Inference can be run by launching the nmt.py script, although, it requires a pre-trained model checkpoint and tokenized input.

The script, nmt.py, supports batched inference (--mode=infer flag). By default, it launches beam search with beam size of 5, coverage penalty term and length normalization term. Greedy decoding can be enabled by setting the --beam_width=1 flag for the nmt.py inference script. To control the batch size use the --infer_batch_size flag.

To view all available options for inference, run python nmt.py --help.

Results

The following sections provide details on how we achieved our performance and accuracy in training and inference.

Training accuracy results

Our results were obtained by running the nmt.py script in the tensorflow-19.03-py3 NGC container on NVIDIA DGX-1 with 8x V100 16G GPUs.

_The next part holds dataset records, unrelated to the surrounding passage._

lemma mons_le_mult:
  fixes p q :: "'a::comm_semiring_0 mpoly"
  assumes "mons_le d p" "mons_le e q"
  shows "mons_le (d + e) (p * q)"
  using assms keys_mult[of p q] grevlex_ge_add by (fastforce simp: mons_le_def)

lemma poly_mapping_eq_sum_single:
  "f = (\<Sum>a\<in>Poly_Mapping.keys f. Poly_Mapping.single a (Poly_Mapping.lookup f a))"
  by (rule poly_mapping_eqI) (simp add: lookup_sum lookup_single when_def sum.delta' in_keys_iff)

lemma lookup_mult_keys:
  fixes p q :: "'a::comm_semiring_0 mpoly"
  shows "Poly_Mapping.lookup (p * q) x =
    (\<Sum>a\<in>Poly_Mapping.keys p. \<Sum>b\<in>Poly_Mapping.keys q.
        if a + b = x then Poly_Mapping.lookup p a * Poly_Mapping.lookup q b else 0)"
proof -
  have "p * q = (\<Sum>a\<in>Poly_Mapping.keys p. Poly_Mapping.single a (Poly_Mapping.lookup p a)) *
      (\<Sum>b\<in>Poly_Mapping.keys q. Poly_Mapping.single b (Poly_Mapping.lookup q b))"
    by (intro arg_cong2[where f = "(*)"] poly_mapping_eq_sum_single)
  also have "\<dots> = (\<Sum>a\<in>Poly_Mapping.keys p. \<Sum>b\<in>Poly_Mapping.keys q.
      Poly_Mapping.single (a + b) (Poly_Mapping.lookup p a * Poly_Mapping.lookup q b))"
    by (simp add: sum_distrib_left sum_distrib_right mult_single) (rule sum.swap)
  finally show ?thesis
    by (simp add: lookup_sum lookup_single when_def)
qed

lemma lookup_mult_mons_le:
  fixes p q :: "'a::comm_semiring_0 mpoly"
  assumes p: "mons_le d p" and q: "mons_le e q"
  shows "Poly_Mapping.lookup (p * q) (d + e) = Poly_Mapping.lookup p d * Poly_Mapping.lookup q e"
proof -
  have sum_eq: "a + b = d + e \<longleftrightarrow> a = d \<and> b = e"
    if "a \<in> Poly_Mapping.keys p" "b \<in> Poly_Mapping.keys q" for a b
  proof
    assume sum: "a + b = d + e"
    show "a = d \<and> b = e"
    proof (rule ccontr)
      assume "\<not> (a = d \<and> b = e)"
      then have "grevlex_gt (d + e) (a + b)"
        using p q that by (intro grevlex_gt_add) (auto simp: mons_le_def)
      then show False
        using sum grevlex_gt_irrefl by simp
    qed
  qed simp
  have "Poly_Mapping.lookup (p * q) (d + e) =
      (\<Sum>a\<in>Poly_Mapping.keys p. \<Sum>b\<in>Poly_Mapping.keys q.
        if a = d then if b = e then Poly_Mapping.lookup p a * Poly_Mapping.lookup q b else 0 else 0)"
    unfolding lookup_mult_keys by (intro sum.cong refl) (simp add: sum_eq)
  also have "\<dots> = (\<Sum>a\<in>Poly_Mapping.keys p. if a = d then Poly_Mapping.lookup p a * Poly_Mapping.lookup q e else 0)"
    by (intro sum.cong refl) (auto simp: sum.delta' in_keys_iff)
  also have "\<dots> = Poly_Mapping.lookup p d * Poly_Mapping.lookup q e"
    by (auto simp: sum.delta' in_keys_iff)
  finally show ?thesis .
qed
lemma RP_nonempty: "RP \<noteq> {}"
proof -
  have "\<exists>Q. partition_on X Q \<and> (\<forall>S\<in>Q. card S = r)" if X: "X \<in> Parts" for X
    using exists_partition_on_card_blocks[of r X "card X div r"] dvd_card_part[OF X]
      finite_part[OF X] p_pos r_eq by simp
  then obtain Q where Q: "\<And>X. X \<in> Parts \<Longrightarrow> partition_on X (Q X) \<and> (\<forall>S\<in>Q X. card S = r)"
    by metis
  have "partition_on V (\<Union>X\<in>Parts. Q X)"
    using Q by (intro partition_on_UN[OF partition_Parts]) blast
  moreover have "S \<subseteq> X" if "X \<in> Parts" "S \<in> Q X" for S X
    using Q[OF that(1)] partition_onD1 that(2) by blast
  ultimately have "(\<Union>X\<in>Parts. Q X) \<in> RP"
    unfolding restricted_partitions_def using Q by blast
  then show ?thesis by blast
qed

lemma finite_RT: "finite (RT P)"
proof -
  have "RT P \<subseteq> Pow V" by (auto simp: restricted_T_def)
  then show ?thesis using finite_V finite_subset by blast
qed

lemma RT_nonempty:
  assumes P: "P \<in> RP"
  shows "RT P \<noteq> {}"
proof -
  have "\<exists>C. C \<subseteq> S \<and> card C = p" if "S \<in> P" for S
  proof -
    have "p \<le> card S" using RP_D(2)[OF P that] r_eq by simp
    then show ?thesis by (meson obtain_subset_with_card_n)
  qed
  then obtain C where C: "\<And>S. S \<in> P \<Longrightarrow> C S \<subseteq> S \<and> card (C S) = p" by metis
  have "\<Union>(C ` P) \<inter> S = C S" if S: "S \<in> P" for S
  proof
    show "C S \<subseteq> \<Union>(C ` P) \<inter> S" using C[OF S] S by blast
    have "C S' \<inter> S \<subseteq> C S" if "S' \<in> P" for S'
      using C[OF that] S that partition_onD2[OF RP_D(1)[OF P]]
      by (cases "S' = S") (auto simp: disjoint_def)
    then show "\<Union>(C ` P) \<inter> S \<subseteq> C S" by blast
  qed
  moreover have "\<Union>(C ` P) \<subseteq> V" using C RP_block_subset[OF P] by blast
  ultimately have "\<Union>(C ` P) \<in> RT P" using C by (simp add: restricted_T_def)
  then show ?thesis by blast
qed

lemma card_block_Int_RT: "T \<in> RT P \<Longrightarrow> S \<in> P \<Longrightarrow> card (S \<inter> T) = p"
  by (simp add: restricted_T_def Int_commute)

lemma card_block_Diff_RT:
  assumes "P \<in> RP" "T \<in> RT P" "S \<in> P"
  shows "card (S - T) = q"
  using card_Diff_subset_Int[of S T] finite_RP_block[OF assms(1,3)] RP_D(2)[OF assms(1,3)]
    card_block_Int_RT[OF assms(2,3)] r_eq by simp

lemma RT_exchange:
  assumes P: "P \<in> RP" and S: "S \<in> P" and T: "T \<in> RT P" and "a \<in> S \<inter> T" "b \<in> S - T"
  shows "insert b (T - {a}) \<in> RT P"
proof -
  have "card (S' \<inter> insert b (T - {a})) = p" if S': "S' \<in> P" for S'
  proof (cases "S' = S")
    case True
    have "S \<inter> insert b (T - {a}) = insert b (S \<inter> T - {a})" using assms(5) by auto
    then show ?thesis
      using True assms(4,5) finite_RP_block[OF P S] card_block_Int_RT[OF T S] p_pos by simp
  next
    case False
    then have "a \<notin> S'" "b \<notin> S'"
      using partition_onD2[OF RP_D(1)[OF P]] S S' assms(4,5) by (auto simp: disjoint_def)
    then have "S' \<inter> insert b (T - {a}) = S' \<inter> T" by auto
    then show ?thesis using card_block_Int_RT[OF T S'] by simp
  qed
  moreover have "insert b (T - {a}) \<subseteq> V"
    using T RP_block_subset[OF P S] assms(5) by (auto simp: restricted_T_def)
  ultimately show ?thesis by (simp add: restricted_T_def Int_commute)
qed

lemma card_part_Int_RT:
  assumes P: "P \<in> RP" and T: "T \<in> RT P" and X: "X \<in> Parts"
  shows "card (X \<inter> T) * r = p * card X"
proof -
  have per_block: "card (S \<inter> (X \<inter> T)) * r = p * card (S \<inter> X)" if S: "S \<in> P" for S
  proof -
    obtain Y where "Y \<in> Parts" "S \<subseteq> Y" using RP_D(3)[OF P S] by blast
    then consider "S \<subseteq> X" | "S \<inter> X = {}" using part_unique[OF X] by blast
    then show ?thesis
    proof cases
      case 1
      then have "S \<inter> (X \<inter> T) = S \<inter> T" "S \<inter> X = S" by blast+
      then show ?thesis using card_block_Int_RT[OF T S] RP_D(2)[OF P S] by simp
    next
      case 2
      then have "S \<inter> (X \<inter> T) = {}" by blast
      then show ?thesis using 2 by simp
    qed
  qed
  have "X \<inter> T \<subseteq> V" using part_subset[OF X] by blast
  then have "card (X \<inter> T) * r = (\<Sum>S\<in>P. card (S \<inter> (X \<inter> T))) * r"
    using card_partition_on_Int[OF RP_D(1)[OF P] finite_V] by simp
  also have "\<dots> = p * (\<Sum>S\<in>P. card (S \<inter> X))"
    using per_block by (simp add: sum_distrib_left sum_distrib_right)
  also have "\<dots> = p * card X"
    using card_partition_on_Int[OF RP_D(1)[OF P] finite_V part_subset[OF X]] by simp
  finally show ?thesis .
qed

definition split_count :: "'a set set \<Rightarrow> 'a \<Rightarrow> 'a \<Rightarrow> nat" where
  "split_count P v u = card {T \<in> RT P. v \<in> T \<and> u \<in> block_of P v - T}"

text \<open>The probability, for P uniform in RP and then T uniform in RT P (the law of the
  restricted randomization), that u lies in the block of v with v \<in> T and u \<notin> T.\<close>
definition split_prob :: "'a \<Rightarrow> 'a \<Rightarrow> real" where
  "split_prob v u = (\<Sum>P\<in>RP. real (split_count P v u) / real (card (RT P))) / real (card RP)"

lemma split_count_eq_0:
  assumes "P \<in> RP" "X \<in> Parts" "v \<in> X" "u \<notin> X - {v}"
  shows "split_count P v u = 0"
proof -
  have "{T \<in> RT P. v \<in> T \<and> u \<in> block_of P v - T} = {}"
    using block_of_subset_part[OF assms(1-3)] assms(4) by blast
  then show ?thesis unfolding split_count_def by (metis card.empty)
qed

lemma sum_split_count_part:
  assumes P: "P \<in> RP" and X: "X \<in> Parts"
  shows "(\<Sum>v\<in>X. \<Sum>u\<in>X - {v}. split_count P v u) * r = card (RT P) * (p * q * card X)"
proof -
  have per_T: "(\<Sum>v\<in>X. card ((X - {v}) \<inter> {u. v \<in> T \<and> u \<in> block_of P v - T})) = q * card (X \<inter> T)"
    if T: "T \<in> RT P" for T
  proof -
    have "card ((X - {v}) \<inter> {u. v \<in> T \<and> u \<in> block_of P v - T}) = (if v \<in> T then q else 0)"
      if v: "v \<in> X" for v
    proof -
      have vV: "v \<in> V" using part_subset X v by blast
      have "(X - {v}) \<inter> {u. v \<in> T \<and> u \<in> block_of P v - T} = (if v \<in> T then block_of P v - T else {})"
        using block_of_subset_part[OF P X v] by auto
      then show ?thesis using card_block_Diff_RT[OF P T block_of_RP(1)[OF P vV]] by simp
    qed
    then show ?thesis using finite_part[OF X] by (simp add: sum.If_cases Int_commute)
  qed
  have "(\<Sum>u\<in>X - {v}. split_count P v u)
      = (\<Sum>T\<in>RT P. card ((X - {v}) \<inter> {u. v \<in> T \<and> u \<in> block_of P v - T}))" for v
    using double_count_incidences[of "RT P" "X - {v}" "\<lambda>T. {u. v \<in> T \<and> u \<in> block_of P v - T}"]
      finite_part[OF X] finite_RT by (simp add: split_count_def)
  then have "(\<Sum>v\<in>X. \<Sum>u\<in>X - {v}. split_count P v u)
      = (\<Sum>v\<in>X. \<Sum>T\<in>RT P. card ((X - {v}) \<inter> {u. v \<in> T \<and> u \<in> block_of P v - T}))"
    by simp
  also have "\<dots> = (\<Sum>T\<in>RT P. q * card (X \<inter> T))"
    using per_T by (subst sum.swap) simp
  finally show ?thesis
    using card_part_Int_RT[OF P _ X] by (simp add: sum_distrib_left sum_distrib_right mult_ac)
qed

Commands to launch the training:

for 1 GPUs in mixed precision:
python nmt.py --output_dir=results --batch_size=192 --learning_rate=8e-4

for 8 GPUs in mixed precision:
python nmt.py --output_dir=results --batch_size=1536 --num_gpus=8 --learning_rate=2e-3

for 1 GPUs in FP32:
python nmt.py --output_dir=results --batch_size=128 --learning_rate=5e-4 --use_amp=false

for 8 GPUs in FP32:
python nmt.py --output_dir=results --batch_size=1024 --num_gpus=8 --learning_rate=2e-3 --use_amp=false

Number of GPUs	Mixed precision batch size/GPU	FP32 batch size/GPU	Mixed precision BLEU	FP32 BLEU	Mixed precision training time	FP32 training time
1	192	128	24.58	24.64	789 min	1375 min
8	192	128	24.46	24.51	184 min	262 min

In the following plot, the BLEU scores after each training epoch for different configurations are displayed.

Training stability test

The GNMT v2 model was trained for 6 epochs, starting from 6 different initial random seeds. After each training epoch, the model was evaluated on the test dataset and the BLEU score was recorded. The training was performed in the tensorflow-19.03-py3 NGC container on NVIDIA DGX-1 with 8 Tesla V100 16G GPUs.

In the following table, the BLEU scores after each training epoch for different initial random seeds are displayed.

Epoch	Average	Standard deviation	Minimum	Maximum	Median
1	19.943	0.240	19.670	20.290	19.855
2	21.750	0.197	21.550	22.110	21.690
3	22.408	0.150	22.160	22.630	22.430
4	23.057	0.219	22.770	23.440	22.985
5	23.897	0.142	23.700	24.080	23.915
6	24.243	0.174	24.030	24.460	24.235

Training performance results

Our results were obtained by running the nmt.py script in the tensorflow-19.03-py3 NGC container on NVIDIA DGX-1 with 8x V100 16G GPUs. Performance numbers (in tokens per second) were averaged over an entire training epoch.

Number of GPUs	Mixed precision batch size/GPU	FP32 batch size/GPU	Mixed precision tokens/s	FP32 tokens/s	Mixed precision speedup	Mixed precision multi-gpu weak scaling	FP32 multi-gpu weak scaling
1	192	128	22 297	12 767	1.74	1.00	1.00
8	192	128	133 992	83 337	1.61	6.01	6.53

To achieve these same results, follow the Quick Start Guide outlined above.

Inference performance results

Our results were obtained by running the scripts/translate.py script in the tensorflow-19.03-py3 NGC container on NVIDIA DGX-1 with a single V100 16G GPUs. The benchmark requires a checkpoint from a fully trained model.

To launch the inference benchmark in mixed precision on 1 GPU, run:

python scripts/inference_benchmark.py --output_dir=/path/to/trained/model --beam_width 1,2,5,10 --infer_batch_size 32,128,512

To launch the inference benchmark in FP32 on 1 GPU, run:

python scripts/inference_benchmark.py --output_dir=/path/to/trained/model --beam_width 1,2,5,10 --infer_batch_size 32,128,512 --use_amp=false

Batch size	Beam size	Mixed precision BLEU	FP32 BLEU	Mixed precision tokens/s	FP32 tokens/s
32	1	23.43	23.47	8180	7555
32	2	24.14	24.13	6870	6359
32	5	24.43	24.47	4729	3991
32	10	24.29	24.29	2344	2495
128	1	23.43	23.47	19343	14810
128	2	24.15	24.13	10267	9956
128	5	24.45	24.47	7009	5224
128	10	24.30	24.29	3873	2855
512	1	23.45	23.47	32325	20782
512	2	24.17	24.13	18917	13702
512	5	24.46	24.47	8789	6036
512	10	24.29	24.29	4684	3149

To achieve these same results, follow the Quick Start Guide outlined above.

Changelog

1. Mar 18, 2019

• Initial release

Known issues

There are no known issues in this release.